**WHAT YOU SHOULD DO**
A complete and exact copy of the entries below is the expected result.
DATASET RECORDS below:
theorem lemma2p7:
  fixes U :: "(real^'n) \<times> real \<Rightarrow> 'f::euclidean_space"
    and DU :: "(real^'n) \<times> real \<Rightarrow> (((real^'n) \<times> real) \<Rightarrow>\<^sub>L 'f)"
    and \<Gamma> :: "(real^'n) \<times> real \<Rightarrow> (((real^'n) \<times> real) \<Rightarrow>\<^sub>L ('f \<Rightarrow>\<^sub>L 'f))"
    and DG :: "(real^'n) \<times> real \<Rightarrow>
                 (((real^'n) \<times> real) \<Rightarrow>\<^sub>L (((real^'n) \<times> real) \<Rightarrow>\<^sub>L ('f \<Rightarrow>\<^sub>L 'f)))"
    and x y z :: "(real^'n) \<times> real"
  assumes U_deriv: "\<And>p. p \<in> half_space \<Longrightarrow> (U has_derivative blinfun_apply (DU p)) (at p within half_space)"
    and U_cont: "continuous_on half_space DU"
    and G_deriv: "\<And>p. p \<in> half_space \<Longrightarrow> (\<Gamma> has_derivative blinfun_apply (DG p)) (at p within half_space)"
    and G_cont: "continuous_on half_space DG"
    and G_skew: "\<And>p v. p \<in> half_space \<Longrightarrow> skew (\<Gamma> p v)"
    and xH: "x \<in> half_space" and yH: "y \<in> half_space" and zH: "z \<in> half_space"
  shows "ereal (norm (U x - transport \<Gamma> x y (U y)))
    \<le> ereal (norm (U x - transport \<Gamma> x z (U z)) + norm (U y - transport \<Gamma> y z (U z)))
       + ereal (norm (U z)) * min 2 (curvature_sup \<Gamma> DG half_space * ereal (triangle_area x y z))"
proof -
  interpret T: connection_triangle \<Gamma> DG half_space x y z
    using convex_half_space G_deriv G_cont G_skew xH yH zH by unfold_locales
  let ?D = "T.holonomy_defect (U z)"
  have "norm (U x - transport \<Gamma> x y (U y))
      \<le> norm (U x - transport \<Gamma> x z (U z)) + norm (U y - transport \<Gamma> y z (U z)) + norm ?D"
    unfolding T.holonomy_defect_def by (rule transport_triangle_ineq[OF T.norm_transport[OF xH yH]])
  then have "ereal (norm (U x - transport \<Gamma> x y (U y)))
      \<le> ereal (norm (U x - transport \<Gamma> x z (U z)) + norm (U y - transport \<Gamma> y z (U z))) + ereal (norm ?D)"
    by simp
  also have "\<dots> \<le> ereal (norm (U x - transport \<Gamma> x z (U z)) + norm (U y - transport \<Gamma> y z (U z)))
      + ereal (norm (U z)) * min 2 (curvature_sup \<Gamma> DG half_space * ereal (triangle_area x y z))"
    by (rule add_left_mono[OF T.holonomy_defect_apply_le_curvature_sup])
  finally show ?thesis .
qed

end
End of DATASET RECORDS.
**RESPONSE AREA**
theorem lemma2p7:
  fixes U :: "(real^'n) \<times> real \<Rightarrow> 'f::euclidean_space"
    and DU :: "(real^'n) \<times> real \<Rightarrow> (((real^'n) \<times> real) \<Rightarrow>\<^sub>L 'f)"
    and \<Gamma> :: "(real^'n) \<times> real \<Rightarrow> (((real^'n) \<times> real) \<Rightarrow>\<^sub>L ('f \<Rightarrow>\<^sub>L 'f))"
    and DG :: "(real^'n) \<times> real \<Rightarrow>
                 (((real^'n) \<times> real) \<Rightarrow>\<^sub>L (((real^'n) \<times> real) \<Rightarrow>\<^sub>L ('f \<Rightarrow>\<^sub>L 'f)))"
    and x y z :: "(real^'n) \<times> real"
  assumes U_deriv: "\<And>p. p \<in> half_space \<Longrightarrow> (U has_derivative blinfun_apply (DU p)) (at p within half_space)"
    and U_cont: "continuous_on half_space DU"
    and G_deriv: "\<And>p. p \<in> half_space \<Longrightarrow> (\<Gamma> has_derivative blinfun_apply (DG p)) (at p within half_space)"
    and G_cont: "continuous_on half_space DG"
    and G_skew: "\<And>p v. p \<in> half_space \<Longrightarrow> skew (\<Gamma> p v)"
    and xH: "x \<in> half_space" and yH: "y \<in> half_space" and zH: "z \<in> half_space"
  shows "ereal (norm (U x - transport \<Gamma> x y (U y)))
    \<le> ereal (norm (U x - transport \<Gamma> x z (U z)) + norm (U y - transport \<Gamma> y z (U z)))
       + ereal (norm (U z)) * min 2 (curvature_sup \<Gamma> DG half_space * ereal (triangle_area x y z))"
proof -
  interpret T: connection_triangle \<Gamma> DG half_space x y z
    using convex_half_space G_deriv G_cont G_skew xH yH zH by unfold_locales
  let ?D = "T.holonomy_defect (U z)"
  have "norm (U x - transport \<Gamma> x y (U y))
      \<le> norm (U x - transport \<Gamma> x z (U z)) + norm (U y - transport \<Gamma> y z (U z)) + norm ?D"
    unfolding T.holonomy_defect_def by (rule transport_triangle_ineq[OF T.norm_transport[OF xH yH]])
  then have "ereal (norm (U x - transport \<Gamma> x y (U y)))
      \<le> ereal (norm (U x - transport \<Gamma> x z (U z)) + norm (U y - transport \<Gamma> y z (U z))) + ereal (norm ?D)"
    by simp
  also have "\<dots> \<le> ereal (norm (U x - transport \<Gamma> x z (U z)) + norm (U y - transport \<Gamma> y z (U z)))
      + ereal (norm (U z)) * min 2 (curvature_sup \<Gamma> DG half_space * ereal (triangle_area x y z))"
    by (rule add_left_mono[OF T.holonomy_defect_apply_le_curvature_sup])
  finally show ?thesis .
qed

end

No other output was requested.